Now suppose to change the above requirement: instead of using the condition (1), let's request all the elements of S such that, given a distance function d, we want all elements of S such that d(q,s) < threshold. If i remember well, this last setup is called range-search. I don't know if the first case can be transformed in the second.
For the distance search I believe the accepted best method is a Binary Space Partition tree. This can be stored as a series of bits. Each two bits (for a 2D tree) or three bits (for a 3D tree) subdivides the space one more level, increasing resolution.
Using a BSP, locating a set of objects to compare distances with is pretty easy. Just find the smallest set of squares or cubes which contain the edges of your distance box.
For the angle, I don't know of anything. I suppose that you could store each object in a second list or tree sorted by its angle. Then you would find every object at the proper distance using the BSP, every object at the proper angles using the angle tree, then do a set intersection.

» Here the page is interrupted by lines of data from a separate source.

lemma laplace_beltrami_rev_immersion:
  fixes Du :: "real \<times> real \<Rightarrow> ((real \<times> real) \<Rightarrow>\<^sub>L real)"
  assumes Du: "\<And>q. fst q > 0 \<Longrightarrow> (u has_derivative blinfun_apply (Du q)) (at q)"
    and D2: "(Du has_derivative blinfun_apply D2) (at (s, \<theta>))"
    and s: "s > 0"
    and A: "((\<lambda>t. g1 t / speed t) has_real_derivative A) (at s)"
  shows "laplace_beltrami (hyp_g11 (rev_immersion g1 g2)) (hyp_g12 (rev_immersion g1 g2))
      (hyp_g22 (rev_immersion g1 g2)) u (s, \<theta>)
    = (A * Du (s, \<theta>) (1, 0) + g1 s / speed s * D2 (1, 0) (1, 0)
        + speed s / g1 s * D2 (0, 1) (0, 1)) / (speed s * g1 s / (g2 s)\<^sup>2)"
proof -
  define G11 where "G11 = hyp_g11 (rev_immersion g1 g2)"
  define G12 where "G12 = hyp_g12 (rev_immersion g1 g2)"
  define G22 where "G22 = hyp_g22 (rev_immersion g1 g2)"
  define dt where "dt q = G11 q * G22 q - (G12 q)\<^sup>2" for q
  have sqrt_dt: "sqrt (dt (t, \<phi>)) = speed t * g1 t / (g2 t)\<^sup>2" if "t > 0" for t \<phi>
    using that speed_pos[of t] pos[of t]
    by (simp add: dt_def G11_def G12_def G22_def metric_det_rev_immersion)
  have flux1: "sqrt (dt q) * (G22 q / dt q * pd1 u q - G12 q / dt q * pd2 u q)
      = g1 (fst q) / speed (fst q) * Du q (1, 0)" if q_pos: "fst q > 0" for q
  proof -
    obtain t \<phi> where q: "q = (t, \<phi>)" and t: "t > 0" using q_pos by (cases q) auto
    have dt_q: "dt (t, \<phi>) = (speed t * g1 t / (g2 t)\<^sup>2)\<^sup>2"
      unfolding dt_def G11_def G12_def G22_def by (rule metric_det_rev_immersion[OF t])
    show ?thesis
      unfolding q sqrt_dt[OF t] pd1_eq_blinfun_apply[of u Du, OF Du[OF q_pos, unfolded q]] unfolding dt_q
      using speed_pos[of t] pos[of t] t
      by (simp add: G12_def G22_def hyp_g12_rev_immersion hyp_g22_rev_immersion field_simps power2_eq_square)
  qed
  have flux2: "sqrt (dt q) * (- (G12 q / dt q) * pd1 u q + G11 q / dt q * pd2 u q)
      = speed (fst q) / g1 (fst q) * Du q (0, 1)" if q_pos: "fst q > 0" for q
  proof -
    obtain t \<phi> where q: "q = (t, \<phi>)" and t: "t > 0" using q_pos by (cases q) auto
    have dt_q: "dt (t, \<phi>) = (speed t * g1 t / (g2 t)\<^sup>2)\<^sup>2"
      unfolding dt_def G11_def G12_def G22_def by (rule metric_det_rev_immersion[OF t])
    show ?thesis
      unfolding q sqrt_dt[OF t] pd2_eq_blinfun_apply[of u Du, OF Du[OF q_pos, unfolded q]] unfolding dt_q
      using speed_pos[of t] pos[of t] t
      by (simp add: G11_def G12_def hyp_g11_rev_immersion hyp_g12_rev_immersion field_simps power2_eq_square)
  qed
  have "laplace_beltrami G11 G12 G22 u (s, \<theta>)
      = (pd1 (\<lambda>q. sqrt (dt q) * (G22 q / dt q * pd1 u q - G12 q / dt q * pd2 u q)) (s, \<theta>)
        + pd2 (\<lambda>q. sqrt (dt q) * (- (G12 q / dt q) * pd1 u q + G11 q / dt q * pd2 u q)) (s, \<theta>))
        / sqrt (dt (s, \<theta>))"
    by (simp only: laplace_beltrami_def Let_def dt_def)
  also have "\<dots> = (A * Du (s, \<theta>) (1, 0) + g1 s / speed s * D2 (1, 0) (1, 0)
        + speed s / g1 s * D2 (0, 1) (0, 1)) / (speed s * g1 s / (g2 s)\<^sup>2)"
    using pd1_radial_flux[OF flux1 A s D2] pd2_angular_flux[OF flux2 s D2]
      sqrt_dt[OF s]
    by simp
  finally show ?thesis unfolding G11_def G12_def G22_def .
qed

end

section \<open>A strictly superharmonic exhaustion\<close>

definition barrier_weight :: "real \<Rightarrow> real" where
  "barrier_weight s = 1 + 1 / (1 + s)"

lemma barrier_weight_ge_1: "s \<ge> 0 \<Longrightarrow> barrier_weight s \<ge> 1"
  unfolding barrier_weight_def by simp

lemma barrier_weight_DERIV:
  "s \<ge> 0 \<Longrightarrow> (barrier_weight has_real_derivative - 1 / (1 + s)\<^sup>2) (at s)"
  unfolding barrier_weight_def by (auto intro!: derivative_eq_intros simp: power2_eq_square)

lemma continuous_on_barrier_weight: "continuous_on {0..} barrier_weight"
  unfolding barrier_weight_def by (intro continuous_intros) auto

context rotational_profile
begin

lemma continuous_on_d1: "continuous_on {0..} d1"
  by (rule DERIV_continuous_on[where D = d2]) (use d1_deriv in auto)
lemma continuous_on_e1: "continuous_on {0..} e1"
  by (rule DERIV_continuous_on[where D = e2]) (use e1_deriv in auto)
lemma continuous_on_g1: "continuous_on {0..} g1"
  by (rule DERIV_continuous_on[where D = d1]) (use g1_deriv in auto)
lemma continuous_on_g2: "continuous_on {0..} g2"
  by (rule DERIV_continuous_on[where D = e1]) (use g2_deriv in auto)

lemma continuous_on_speed: "continuous_on {0..} speed"
  unfolding speed_def[abs_def] by (intro continuous_intros continuous_on_d1 continuous_on_e1)

lemma speed_DERIV:
  assumes s: "s > 0"
  shows "\<exists>N. (speed has_real_derivative N) (at s)"
proof -
  have "(d1 s)\<^sup>2 + (e1 s)\<^sup>2 > 0" using speed_pos[of s] s by (simp add: speed_def)
  then show ?thesis
    unfolding speed_def[abs_def]
    using d1_DERIV[OF s] e1_DERIV[OF s] by (auto intro!: derivative_eq_intros)
qed

lemma flux_coeff_DERIV: "s > 0 \<Longrightarrow> \<exists>A. ((\<lambda>t. g1 t / speed t) has_real_derivative A) (at s)"
  using speed_DERIV g1_DERIV speed_pos[of s] by (fastforce intro: DERIV_divide)

definition barrier_density :: "real \<Rightarrow> real" where
  "barrier_density s = speed s * barrier_weight s / g1 s"

definition barrier :: "real \<Rightarrow> real" where
  "barrier s = integral {0..s} barrier_density"

lemma barrier_density_pos: "s \<ge> 0 \<Longrightarrow> barrier_density s > 0"
  unfolding barrier_density_def
  using speed_pos[of s] pos[of s] barrier_weight_ge_1[of s] by simp

lemma continuous_on_barrier_density: "continuous_on {0..} barrier_density"
  unfolding barrier_density_def[abs_def]
  by (intro continuous_intros continuous_on_speed continuous_on_barrier_weight continuous_on_g1)
     (use pos in force)

lemma barrier_density_DERIV:
  "s > 0 \<Longrightarrow> \<exists>H. (barrier_density has_real_derivative H) (at s)"
  unfolding barrier_density_def[abs_def]
  using speed_DERIV barrier_weight_DERIV[of s] g1_DERIV pos[of s]
  by (fastforce intro: DERIV_divide DERIV_mult)

lemma barrier_DERIV:
  assumes s: "s > 0"
  shows "(barrier has_real_derivative barrier_density s) (at s)"
proof -
  have "continuous_on {0..s + 1} barrier_density"
    by (rule continuous_on_subset[OF continuous_on_barrier_density]) auto
  then have "(barrier has_vector_derivative barrier_density s) (at s within {0..s + 1})"
    unfolding barrier_def by (rule integral_has_vector_derivative) (use s in auto)
  moreover have "at s within {0..s + 1} = at s"
    by (rule at_within_interior) (use s in auto)
  ultimately show ?thesis by (simp add: has_real_derivative_iff_has_vector_derivative)
qed

lemma continuous_on_barrier: "continuous_on {0..T} barrier"
  unfolding barrier_def
  by (intro indefinite_integral_continuous_1 integrable_continuous_interval
      continuous_on_subset[OF continuous_on_barrier_density]) auto

lemma barrier_0 [simp]: "barrier 0 = 0"
  unfolding barrier_def by simp

lemma barrier_nonneg: "s \<ge> 0 \<Longrightarrow> barrier s \<ge> 0"
  unfolding barrier_def
  by (rule integral_nonneg[OF integrable_continuous_interval])
     (auto intro: continuous_on_subset[OF continuous_on_barrier_density]
        less_imp_le[OF barrier_density_pos])

lemma barrier_superharmonic:
  assumes s: "s > 0"
    and A: "((\<lambda>t. g1 t / speed t) has_real_derivative A) (at s)"
    and H: "(barrier_density has_real_derivative H) (at s)"
  shows "A * barrier_density s + g1 s / speed s * H < 0"
proof -
  have "((\<lambda>t. g1 t / speed t * barrier_density t) has_real_derivative
      A * barrier_density s + g1 s / speed s * H) (at s)"
    using DERIV_mult[OF A H] by (simp add: algebra_simps)
  then have "(barrier_weight has_real_derivative A * barrier_density s + g1 s / speed s * H) (at s)"
  proof (rule has_field_derivative_transform_within_open[where S = "{0<..}"])
    fix x :: real assume "x \<in> {0<..}"
    then show "g1 x / speed x * barrier_density x = barrier_weight x"
      using speed_pos[of x] pos[of x] by (simp add: barrier_density_def field_simps)
  qed (use s in auto)
  with barrier_weight_DERIV[of s] s
  have "A * barrier_density s + g1 s / speed s * H = - 1 / (1 + s)\<^sup>2"
    by (auto intro: DERIV_unique)
  also have "\<dots> < 0" using s by simp
  finally show ?thesis .
qed

lemma length_le_barrier:
  assumes c: "c > 0" and cone: "\<And>s. s \<ge> 0 \<Longrightarrow> c * g1 s \<le> g2 s" and s: "s \<ge> 0"
  shows "c * hyp_length_upto g1 g2 s \<le> barrier s"
proof -
  have cont: "continuous_on {0..s} (\<lambda>r. speed r / g2 r)"
    by (intro continuous_intros continuous_on_subset[OF continuous_on_speed]
        continuous_on_subset[OF continuous_on_g2]) (use pos in force)+
  have "c * hyp_length_upto g1 g2 s = c * integral {0..s} (\<lambda>r. speed r / g2 r)"
    unfolding hyp_length_upto_def
    by (intro arg_cong[where f = "(*) c"] integral_cong)
       (auto simp: profile_vel_eq[OF g1_deriv g2_deriv] norm_Pair speed_def)
  also have "\<dots> = integral {0..s} (\<lambda>r. c * (speed r / g2 r))"
    by (rule integral_mult[OF integrable_continuous_interval[OF cont]])
  also have "\<dots> \<le> integral {0..s} barrier_density"
  proof (rule integral_le)
    fix r assume "r \<in> {0..s}"
    then have r: "r \<ge> 0" by simp
    have "c * (speed r / g2 r) \<le> speed r / g1 r"
      using cone[OF r] speed_pos[OF r] pos[OF r]
      by (simp add: field_simps mult_left_mono)
    also have "\<dots> \<le> barrier_density r"
      using speed_pos[OF r] pos[OF r] barrier_weight_ge_1[OF r]
      by (simp add: barrier_density_def divide_right_mono)
    finally show "c * (speed r / g2 r) \<le> barrier_density r" .
  qed (intro integrable_continuous_interval continuous_intros cont
      continuous_on_subset[OF continuous_on_barrier_density]; auto)+
  finally show ?thesis unfolding barrier_def .
qed

lemma barrier_at_top:
  assumes c: "c > 0" and cone: "\<And>s. s \<ge> 0 \<Longrightarrow> c * g1 s \<le> g2 s"
    and complete: "filterlim (hyp_length_upto g1 g2) at_top at_top"
  shows "filterlim barrier at_top at_top"
proof (rule filterlim_at_top_mono)
  show "filterlim (\<lambda>s. c * hyp_length_upto g1 g2 s) at_top at_top"
    by (rule filterlim_tendsto_pos_mult_at_top[OF tendsto_const c complete])
  show "\<forall>\<^sub>F s in at_top. c * hyp_length_upto g1 g2 s \<le> barrier s"
    using eventually_ge_at_top[of 0] by eventually_elim (rule length_le_barrier[OF c cone])
qed

section \<open>The comparison principle\<close>

lemma harmonic_radial_equation:
  fixes Du :: "real \<times> real \<Rightarrow> ((real \<times> real) \<Rightarrow>\<^sub>L real)"
  assumes Du: "\<And>q. fst q > 0 \<Longrightarrow> (u has_derivative blinfun_apply (Du q)) (at q)"
    and D2: "(Du has_derivative blinfun_apply D2) (at (s, \<theta>))"
    and s: "s > 0"
    and A: "((\<lambda>t. g1 t / speed t) has_real_derivative A) (at s)"
    and harmonic: "laplace_beltrami (hyp_g11 (rev_immersion g1 g2)) (hyp_g12 (rev_immersion g1 g2))
      (hyp_g22 (rev_immersion g1 g2)) u (s, \<theta>) = 0"
  shows "A * Du (s, \<theta>) (1, 0) + g1 s / speed s * D2 (1, 0) (1, 0)
      + speed s / g1 s * D2 (0, 1) (0, 1) = 0"
  using harmonic laplace_beltrami_rev_immersion[OF Du D2 s A] speed_pos[of s] pos[of s] s
  by simp

lemma harmonic_difference_equation:
  assumes u: "rev_end_harmonic g1 g2 u" and v: "rev_end_harmonic g1 g2 v"
    and s: "s > 0" and A: "((\<lambda>t. g1 t / speed t) has_real_derivative A) (at s)"
  obtains Dw :: "real \<times> real \<Rightarrow> ((real \<times> real) \<Rightarrow>\<^sub>L real)" and D2
  where "\<And>q. fst q > 0 \<Longrightarrow> ((\<lambda>q. u q - v q) has_derivative blinfun_apply (Dw q)) (at q)"
    and "(Dw has_derivative blinfun_apply D2) (at (s, \<theta>))"
    and "A * Dw (s, \<theta>) (1, 0) + g1 s / speed s * D2 (1, 0) (1, 0)
      + speed s / g1 s * D2 (0, 1) (0, 1) = 0"
proof -
  obtain Du D2u where Du: "\<And>q. fst q > 0 \<Longrightarrow> (u has_derivative blinfun_apply (Du q)) (at q)"
    and D2u: "\<And>q. fst q > 0 \<Longrightarrow> (Du has_derivative blinfun_apply (D2u q)) (at q)"
    and Lu: "\<And>q. fst q > 0 \<Longrightarrow> laplace_beltrami (hyp_g11 (rev_immersion g1 g2))
          (hyp_g12 (rev_immersion g1 g2)) (hyp_g22 (rev_immersion g1 g2)) u q = 0"
    using rev_end_harmonic_derivatives[OF u] by blast
  obtain Dv D2v where Dv: "\<And>q. fst q > 0 \<Longrightarrow> (v has_derivative blinfun_apply (Dv q)) (at q)"
    and D2v: "\<And>q. fst q > 0 \<Longrightarrow> (Dv has_derivative blinfun_apply (D2v q)) (at q)"
    and Lv: "\<And>q. fst q > 0 \<Longrightarrow> laplace_beltrami (hyp_g11 (rev_immersion g1 g2))
          (hyp_g12 (rev_immersion g1 g2)) (hyp_g22 (rev_immersion g1 g2)) v q = 0"
    using rev_end_harmonic_derivatives[OF v] by blast
  have Eu: "A * Du (s, \<theta>) (1, 0) + g1 s / speed s * D2u (s, \<theta>) (1, 0) (1, 0)
      + speed s / g1 s * D2u (s, \<theta>) (0, 1) (0, 1) = 0"
    by (rule harmonic_radial_equation[OF Du D2u s A Lu]) (use s in simp_all)
  have Ev: "A * Dv (s, \<theta>) (1, 0) + g1 s / speed s * D2v (s, \<theta>) (1, 0) (1, 0)
      + speed s / g1 s * D2v (s, \<theta>) (0, 1) (0, 1) = 0"
    by (rule harmonic_radial_equation[OF Dv D2v s A Lv]) (use s in simp_all)
  define Dw where "Dw q = Du q - Dv q" for q
  define D2 where "D2 = D2u (s, \<theta>) - D2v (s, \<theta>)"
  have "((\<lambda>q. u q - v q) has_derivative blinfun_apply (Dw q)) (at q)" if "fst q > 0" for q
    using has_derivative_diff[OF Du[OF that] Dv[OF that]]
    by (simp add: Dw_def blinfun.diff_left[abs_def])
  moreover have "(Dw has_derivative blinfun_apply D2) (at (s, \<theta>))"
    using has_derivative_diff[OF D2u D2v, of "(s, \<theta>)"] s
    by (simp add: Dw_def[abs_def] D2_def blinfun.diff_left[abs_def])
  moreover have "A * Dw (s, \<theta>) (1, 0) + g1 s / speed s * D2 (1, 0) (1, 0)
      + speed s / g1 s * D2 (0, 1) (0, 1) = 0"
    using Eu Ev by (simp add: Dw_def D2_def blinfun.diff_left algebra_simps)
  ultimately show ?thesis using that by blast
qed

You have effectively described a "three dimensional cyclindrical space", ie. a space that is locally three dimensional but where one dimension is topologically cyclic. In other words, it is locally flat and may be modeled as the boundary of a four-dimensional object C4 in (x, y, z, w) defined by
z^2 + w^2 = 1
where
a = arctan(w/z)
With this model, the space defined by your constraints is a 2-dimensional cylinder wrapped "lengthwise" around a cross section wedge, where the wedge wraps around the 4-d cylindrical space with an angle of 2 * threshold_2. This can be modeled using a "modified k-d tree" approach (modified 3-d tree), where the data structure is not a tree but actually a graph (it has cycles). You can still partition this space into cells with hyperplane separation, but traveling along the curve defined by (z, w) in the positive direction may encounter a point encountered in the negative direction. The tree should be modified to actually lead to these nodes from both directions, so that the edges are bidirectional (in the z-w curve direction - the others are obviously still unidirectional).
These cycles do not change the effectiveness of the data structure in locating nearby points or allowing your constraint search. In fact, for the most part, those algorithms are only slightly modified (the simplest approach being to hold a visited node data structure to prevent cycles in the search - you test the next neighbors about to be searched).
This will work especially well for your criteria, since the region you define is effectively bounded by these axis-defined hyperplane-bounded cells of a k-d tree, and so the search termination will leave a region on average populated around pi / 4 percent of the area.